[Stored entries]
* * * * *
lemma closed_trail_of_aicycle:
  assumes wf: "wf_flow G" and acy: "acyclic (vertex_rel G)" and cycle: "aicycle G v xs"
  shows "\<exists>n E D w. closed_trail G n E D w \<and> (\<forall>j. E j \<in> set xs)"
proof -
  obtain ds where walk: "ai_walk G v xs ds v" and v: "v \<in> fV G" and dist: "distinct xs"
    using cycle aipath_ai_walk unfolding aicycle_def by blast
  define n where "n = length xs"
  define E where "E j = xs ! (j mod n)" for j
  define D where "D j = ds ! (j mod n)" for j
  have n: "0 < n" using walk unfolding ai_walk_def n_def by auto
  have E: "E j \<in> set xs" "E j \<in> fE G" for j
    using walk n unfolding E_def n_def ai_walk_def by auto
  obtain w where w: "\<And>j. w j \<in> fV G \<and> tgt G (D j) (E j) = Nd (w j) \<and> src G (D (Suc j)) (E (Suc j)) = Nd (w j) \<and>
      (D j \<noteq> D (Suc j) \<longrightarrow> Suc j mod n \<noteq> 0 \<longrightarrow> lab G (w j) \<in> {Interaction, Cut})"
    using closed_ai_walk_junction[OF wf walk v] unfolding E_def D_def n_def by metis
  have "n \<noteq> 1"
  proof
    assume "n = 1"
    then have "E 1 = E 0" "D 1 = D 0" unfolding E_def D_def by auto
    then have "(w 0, w 0) \<in> vertex_rel G"
      using w[of 0] E(2)[of 0] unfolding vertex_rel_def src_def tgt_def by (cases "D 0") auto
    then show False using acy unfolding acyclic_def by blast
  qed
  have "E j \<noteq> E (Suc j)" for j
  proof (cases "Suc (j mod n) = n")
    case True
    then have "Suc j mod n = 0" "j mod n \<noteq> 0" using \<open>n \<noteq> 1\<close> by (auto simp: mod_Suc)
    then show ?thesis using dist n unfolding E_def n_def by (simp add: nth_eq_iff_index_eq)
  next
    case False
    then have "Suc j mod n = Suc (j mod n)" "Suc (j mod n) < n"
      using n by (auto simp: mod_Suc le_neq_implies_less Suc_le_eq)
    then show ?thesis using dist n unfolding E_def n_def by (simp add: nth_eq_iff_index_eq)
  qed
  then have "closed_trail G n E D w"
    using wf n E(2) w unfolding closed_trail_def E_def D_def by auto
  then show ?thesis using E(1) by blast
qed

lemma aicycle_fragile:
  assumes "wf_flow G" "acyclic (vertex_rel G)" "polarity G \<pi>" "\<not> positive_redex G \<pi>"
    and cycle: "aicycle G v xs"
  shows "fragile_cycle G v xs"
  using closed_trail_of_aicycle[OF assms(1,2) cycle] closed_trail.has_simple_edge[OF _ assms(3,2,4)]
    cycle unfolding fragile_cycle_def by blast

section \<open>Ranked polarised flows and their weight\<close>

definition ranked :: "flow \<Rightarrow> (nat \<Rightarrow> int) \<Rightarrow> bool" where
  "ranked G \<rho> \<longleftrightarrow> (\<forall>e\<in>fE G. \<forall>a b. up G e = Nd a \<longrightarrow> lo G e = Nd b \<longrightarrow> \<rho> a < \<rho> b)"

definition ranked_at :: "flow \<Rightarrow> (nat \<Rightarrow> int) \<Rightarrow> nat \<Rightarrow> bool" where
  "ranked_at G \<rho> v \<longleftrightarrow> (\<forall>e\<in>upper_edges G v. \<forall>a. up G e = Nd a \<longrightarrow> \<rho> a < \<rho> v) \<and>
     (\<forall>e\<in>lower_edges G v. \<forall>b. lo G e = Nd b \<longrightarrow> \<rho> v < \<rho> b)"

definition positive_vertex :: "flow \<Rightarrow> (nat \<Rightarrow> bool) \<Rightarrow> nat \<Rightarrow> bool" where
  "positive_vertex G \<pi> v \<longleftrightarrow> (\<exists>e\<in>lower_edges G v. \<pi> e)"

text \<open>Only vertices carrying weight need bounded ranks; c2 ranks its new interactions one
  below the old one.\<close>

definition bounded_at :: "int \<Rightarrow> flow \<Rightarrow> (nat \<Rightarrow> bool) \<Rightarrow> (nat \<Rightarrow> int) \<Rightarrow> nat \<Rightarrow> bool" where
  "bounded_at R G \<pi> \<rho> v \<longleftrightarrow>
     (lab G v \<in> {Contraction, Cocontraction} \<and> positive_vertex G \<pi> v \<longrightarrow> 0 \<le> \<rho> v \<and> \<rho> v \<le> R)"

definition flow_inv :: "int \<Rightarrow> flow \<Rightarrow> (nat \<Rightarrow> bool) \<Rightarrow> (nat \<Rightarrow> int) \<Rightarrow> bool" where
  "flow_inv R G \<pi> \<rho> \<longleftrightarrow> wf_flow G \<and> polarity G \<pi> \<and> ranked G \<rho> \<and> (\<forall>v\<in>fV G. bounded_at R G \<pi> \<rho> v)"

definition sound_at :: "int \<Rightarrow> flow \<Rightarrow> (nat \<Rightarrow> bool) \<Rightarrow> (nat \<Rightarrow> int) \<Rightarrow> nat \<Rightarrow> bool" where
  "sound_at R G \<pi> \<rho> v \<longleftrightarrow> arity_ok G v \<and> polar_at G \<pi> v \<and> bounded_at R G \<pi> \<rho> v \<and> ranked_at G \<rho> v"

text \<open>The base 3 makes the weight drop under c3, which duplicates a positive contraction
  and a positive cocontraction while moving each of them past the other.\<close>

definition weight :: "int \<Rightarrow> flow \<Rightarrow> (nat \<Rightarrow> bool) \<Rightarrow> (nat \<Rightarrow> int) \<Rightarrow> nat \<Rightarrow> nat" where
  "weight R G \<pi> \<rho> v =
     (if positive_vertex G \<pi> v then
        (case lab G v of Contraction \<Rightarrow> 3 ^ nat (R - \<rho> v) | Cocontraction \<Rightarrow> 3 ^ nat (\<rho> v) | _ \<Rightarrow> 0)
      else 0)"

definition total_weight :: "int \<Rightarrow> flow \<Rightarrow> (nat \<Rightarrow> bool) \<Rightarrow> (nat \<Rightarrow> int) \<Rightarrow> nat" where
  "total_weight R G \<pi> \<rho> = (\<Sum>v\<in>fV G. weight R G \<pi> \<rho> v)"

lemma ranked_acyclic:
  assumes "ranked G \<rho>"
  shows "acyclic (vertex_rel G)"
proof -
  have "(a, b) \<in> (vertex_rel G)\<^sup>+ \<Longrightarrow> \<rho> a < \<rho> b" for a b
  proof (induction rule: trancl_induct)
    case (step b c)
    then have "\<rho> b < \<rho> c" using assms unfolding vertex_rel_def ranked_def by auto
    then show ?case using step.IH by simp
  qed (use assms in \<open>auto simp: vertex_rel_def ranked_def\<close>)
  then show ?thesis unfolding acyclic_def by (meson less_irrefl)
qed

lemma acyclic_ranked:
  assumes wf: "wf_flow G" and acy: "acyclic (vertex_rel G)"
  shows "ranked G (\<lambda>x. int (card {y. (y, x) \<in> (vertex_rel G)\<^sup>+}))"
  unfolding ranked_def
proof (intro ballI allI impI)
  fix e a b assume e: "e \<in> fE G" "up G e = Nd a" "lo G e = Nd b"
  let ?anc = "\<lambda>x. {y. (y, x) \<in> (vertex_rel G)\<^sup>+}"
  have "vertex_rel G \<subseteq> fV G \<times> fV G"
    using wf_up_vertex[OF wf] wf_lo_vertex[OF wf] unfolding vertex_rel_def by blast
  then have "?anc b \<subseteq> fV G" using trancl_subset_Sigma by blast
  then have fin: "finite (?anc b)" using wf finite_subset unfolding wf_flow_def by blast
  have ab: "(a, b) \<in> vertex_rel G" using e unfolding vertex_rel_def by blast
  then have "?anc a \<subseteq> ?anc b" by (auto intro: trancl_into_trancl)
  moreover have "a \<in> ?anc b - ?anc a" using ab acy unfolding acyclic_def by auto
  ultimately have "?anc a \<subset> ?anc b" by blast
  then show "int (card (?anc a)) < int (card (?anc b))" using fin psubset_card_mono by auto
qed

lemma flow_inv_wf: "flow_inv R G \<pi> \<rho> \<Longrightarrow> wf_flow G"
  and flow_inv_polarity: "flow_inv R G \<pi> \<rho> \<Longrightarrow> polarity G \<pi>"
  and flow_inv_acyclic: "flow_inv R G \<pi> \<rho> \<Longrightarrow> acyclic (vertex_rel G)"
  unfolding flow_inv_def using ranked_acyclic by auto

lemma flow_inv_atomic_flow: "flow_inv R G \<pi> \<rho> \<Longrightarrow> atomic_flow G"
  using flow_inv_wf flow_inv_polarity flow_inv_acyclic atomic_flow_iff by blast

lemma atomic_flow_inv:
  assumes "atomic_flow G"
  shows "\<exists>R \<pi> \<rho>. flow_inv R G \<pi> \<rho>"
proof -
  obtain \<pi> where wf: "wf_flow G" and acy: "acyclic (vertex_rel G)" and pol: "polarity G \<pi>"
    using assms atomic_flow_iff by blast
  define \<rho> where "\<rho> x = int (card {y. (y, x) \<in> (vertex_rel G)\<^sup>+})" for x
  define R where "R = Max (\<rho> ` fV G)"
  have "finite (fV G)" using wf unfolding wf_flow_def by blast
  then have "bounded_at R G \<pi> \<rho> v" if "v \<in> fV G" for v
    using that unfolding bounded_at_def R_def \<rho>_def by simp
  then have "flow_inv R G \<pi> \<rho>"
    using wf pol acyclic_ranked[OF wf acy] unfolding flow_inv_def \<rho>_def by blast
  then show ?thesis by blast
qed

lemma vertex_view_cong:
  assumes "lab B v = lab A v" "upper_edges B v = upper_edges A v" "lower_edges B v = lower_edges A v"
    and "\<forall>e\<in>upper_edges A v \<union> lower_edges A v. \<pi>' e = \<pi> e" "\<rho>' v = \<rho> v"
  shows "polar_at B \<pi>' v = polar_at A \<pi> v"
    "positive_vertex B \<pi>' v = positive_vertex A \<pi> v"
    "bounded_at R B \<pi>' \<rho>' v = bounded_at R A \<pi> \<rho> v" "weight R B \<pi>' \<rho>' v = weight R A \<pi> \<rho> v"
proof -
  show "polar_at B \<pi>' v = polar_at A \<pi> v"
    using assms(4) unfolding polar_at_def assms(1-3) by auto
  show pos: "positive_vertex B \<pi>' v = positive_vertex A \<pi> v"
    using assms(3,4) unfolding positive_vertex_def by auto
  show "bounded_at R B \<pi>' \<rho>' v = bounded_at R A \<pi> \<rho> v"
    unfolding bounded_at_def assms(1,5) pos ..
  show "weight R B \<pi>' \<rho>' v = weight R A \<pi> \<rho> v"
    unfolding weight_def assms(1,5) pos ..
qed

section \<open>Local replacement of vertices\<close>

lemma Nd_in_image_iff [simp]: "Nd a \<in> Nd ` S \<longleftrightarrow> a \<in> S"
  by auto

definition relinked :: "nat set \<Rightarrow> nat set \<Rightarrow> node \<Rightarrow> node \<Rightarrow> bool" where
  "relinked X N a b \<longleftrightarrow> (if a \<in> Nd ` X then b \<in> Nd ` N else b = a)"

definition replaces :: "flow \<Rightarrow> nat set \<Rightarrow> flow \<Rightarrow> nat set \<Rightarrow> bool" where
  "replaces A X B N \<longleftrightarrow> X \<subseteq> fV A \<and> N \<inter> fV A = {} \<and> finite N \<and> finite (fE B) \<and>
     fV B = (fV A - X) \<union> N \<and> (\<forall>v\<in>fV A - X. lab B v = lab A v) \<and>
     (\<forall>e\<in>fE A - fE B. up A e \<in> Nd ` X \<and> lo A e \<in> Nd ` X) \<and>
     (\<forall>e\<in>fE B - fE A. up B e \<in> Nd ` N \<and> lo B e \<in> Nd ` N) \<and>
     (\<forall>e\<in>fE A \<inter> fE B. relinked X N (up A e) (up B e) \<and> relinked X N (lo A e) (lo B e))"

context
  fixes A X B N
  assumes rep: "replaces A X B N"
begin

lemma replaces_vertices: "fV B = (fV A - X) \<union> N" "X \<subseteq> fV A" "N \<inter> fV A = {}"
  using rep unfolding replaces_def by auto

lemma replaces_endpoint:
  assumes "e \<in> fE B"
  shows "(e \<in> fE A \<and> up A e \<notin> Nd ` X \<and> up B e = up A e) \<or> up B e \<in> Nd ` N"
    "(e \<in> fE A \<and> lo A e \<notin> Nd ` X \<and> lo B e = lo A e) \<or> lo B e \<in> Nd ` N"
proof -
  have "relinked X N (up A e) (up B e) \<and> relinked X N (lo A e) (lo B e)" if "e \<in> fE A"
    using rep assms that unfolding replaces_def by blast
  moreover have "up B e \<in> Nd ` N \<and> lo B e \<in> Nd ` N" if "e \<notin> fE A"
    using rep assms that unfolding replaces_def by blast
  ultimately show "(e \<in> fE A \<and> up A e \<notin> Nd ` X \<and> up B e = up A e) \<or> up B e \<in> Nd ` N"
    "(e \<in> fE A \<and> lo A e \<notin> Nd ` X \<and> lo B e = lo A e) \<or> lo B e \<in> Nd ` N"
    unfolding relinked_def by (cases "e \<in> fE A"; auto split: if_splits)+
qed

lemma replaces_kept_endpoint:
  assumes "e \<in> fE A"
  shows "up A e \<notin> Nd ` X \<Longrightarrow> e \<in> fE B \<and> up B e = up A e"
    "lo A e \<notin> Nd ` X \<Longrightarrow> e \<in> fE B \<and> lo B e = lo A e"
proof -
  have "e \<in> fE B" if "up A e \<notin> Nd ` X \<or> lo A e \<notin> Nd ` X"
    using rep assms that unfolding replaces_def by blast
  moreover have "relinked X N (up A e) (up B e) \<and> relinked X N (lo A e) (lo B e)" if "e \<in> fE B"
    using rep assms that unfolding replaces_def by blast
  ultimately show "up A e \<notin> Nd ` X \<Longrightarrow> e \<in> fE B \<and> up B e = up A e"
    "lo A e \<notin> Nd ` X \<Longrightarrow> e \<in> fE B \<and> lo B e = lo A e"
    unfolding relinked_def by auto
qed

lemma replaces_untouched_edge:
  assumes "e \<in> fE B" "up B e = Nd a" "lo B e = Nd b" "a \<notin> N" "b \<notin> N"
  shows "e \<in> fE A \<and> up A e = Nd a \<and> lo A e = Nd b"
  using replaces_endpoint[OF assms(1)] assms(2-5) by auto

lemma replaces_old_vertex:
  assumes v: "v \<in> fV A - X"
  shows "lab B v = lab A v" "upper_edges B v = upper_edges A v" "lower_edges B v = lower_edges A v"
proof -
  show "lab B v = lab A v" using rep v unfolding replaces_def by blast
  have "v \<notin> N" "v \<notin> X" using v replaces_vertices by auto
  have "e \<in> fE B \<and> up B e = Nd v \<longleftrightarrow> e \<in> fE A \<and> up A e = Nd v"
    "e \<in> fE B \<and> lo B e = Nd v \<longleftrightarrow> e \<in> fE A \<and> lo A e = Nd v" for e
    using replaces_endpoint[of e] replaces_kept_endpoint[of e] \<open>v \<notin> N\<close> \<open>v \<notin> X\<close> by auto
  then show "upper_edges B v = upper_edges A v" "lower_edges B v = lower_edges A v"
    unfolding upper_edges_def lower_edges_def by blast+
qed

lemma replaces_wf:
  assumes wf: "wf_flow A" and new: "\<forall>v\<in>N. arity_ok B v"
  shows "wf_flow B"
proof -
  have "up B e \<in> insert Top (Nd ` fV B) \<and> lo B e \<in> insert Bot (Nd ` fV B)" if e: "e \<in> fE B" for e
  proof -
    have "up A e \<in> insert Top (Nd ` fV A) \<and> lo A e \<in> insert Bot (Nd ` fV A)" if "e \<in> fE A"
      using wf that unfolding wf_flow_def by blast
    then show ?thesis using replaces_endpoint[OF e] replaces_vertices(1) by auto
  qed
  moreover have "arity_ok B v" if "v \<in> fV B" for v
  proof (cases "v \<in> N")
    case False
    then have "v \<in> fV A - X" using that replaces_vertices(1) by auto
    then show ?thesis using wf_arity[OF wf] replaces_old_vertex unfolding arity_ok_def by simp
  qed (use new in blast)
  moreover have "finite (fV B)" "finite (fE B)"
    using rep wf unfolding replaces_def wf_flow_def by auto
  ultimately show ?thesis unfolding wf_flow_def by blast
qed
* * * * *
• What to work on
Output the records above exactly, from their first line through the line that contains "(D j \<noteq>", and add nothing.

• Answer
lemma closed_trail_of_aicycle:
  assumes wf: "wf_flow G" and acy: "acyclic (vertex_rel G)" and cycle: "aicycle G v xs"
  shows "\<exists>n E D w. closed_trail G n E D w \<and> (\<forall>j. E j \<in> set xs)"
proof -
  obtain ds where walk: "ai_walk G v xs ds v" and v: "v \<in> fV G" and dist: "distinct xs"
    using cycle aipath_ai_walk unfolding aicycle_def by blast
  define n where "n = length xs"
  define E where "E j = xs ! (j mod n)" for j
  define D where "D j = ds ! (j mod n)" for j
  have n: "0 < n" using walk unfolding ai_walk_def n_def by auto
  have E: "E j \<in> set xs" "E j \<in> fE G" for j
    using walk n unfolding E_def n_def ai_walk_def by auto
  obtain w where w: "\<And>j. w j \<in> fV G \<and> tgt G (D j) (E j) = Nd (w j) \<and> src G (D (Suc j)) (E (Suc j)) = Nd (w j) \<and>
      (D j \<noteq> D (Suc j) \<longrightarrow> Suc j mod n \<noteq> 0 \<longrightarrow> lab G (w j) \<in> {Interaction, Cut})"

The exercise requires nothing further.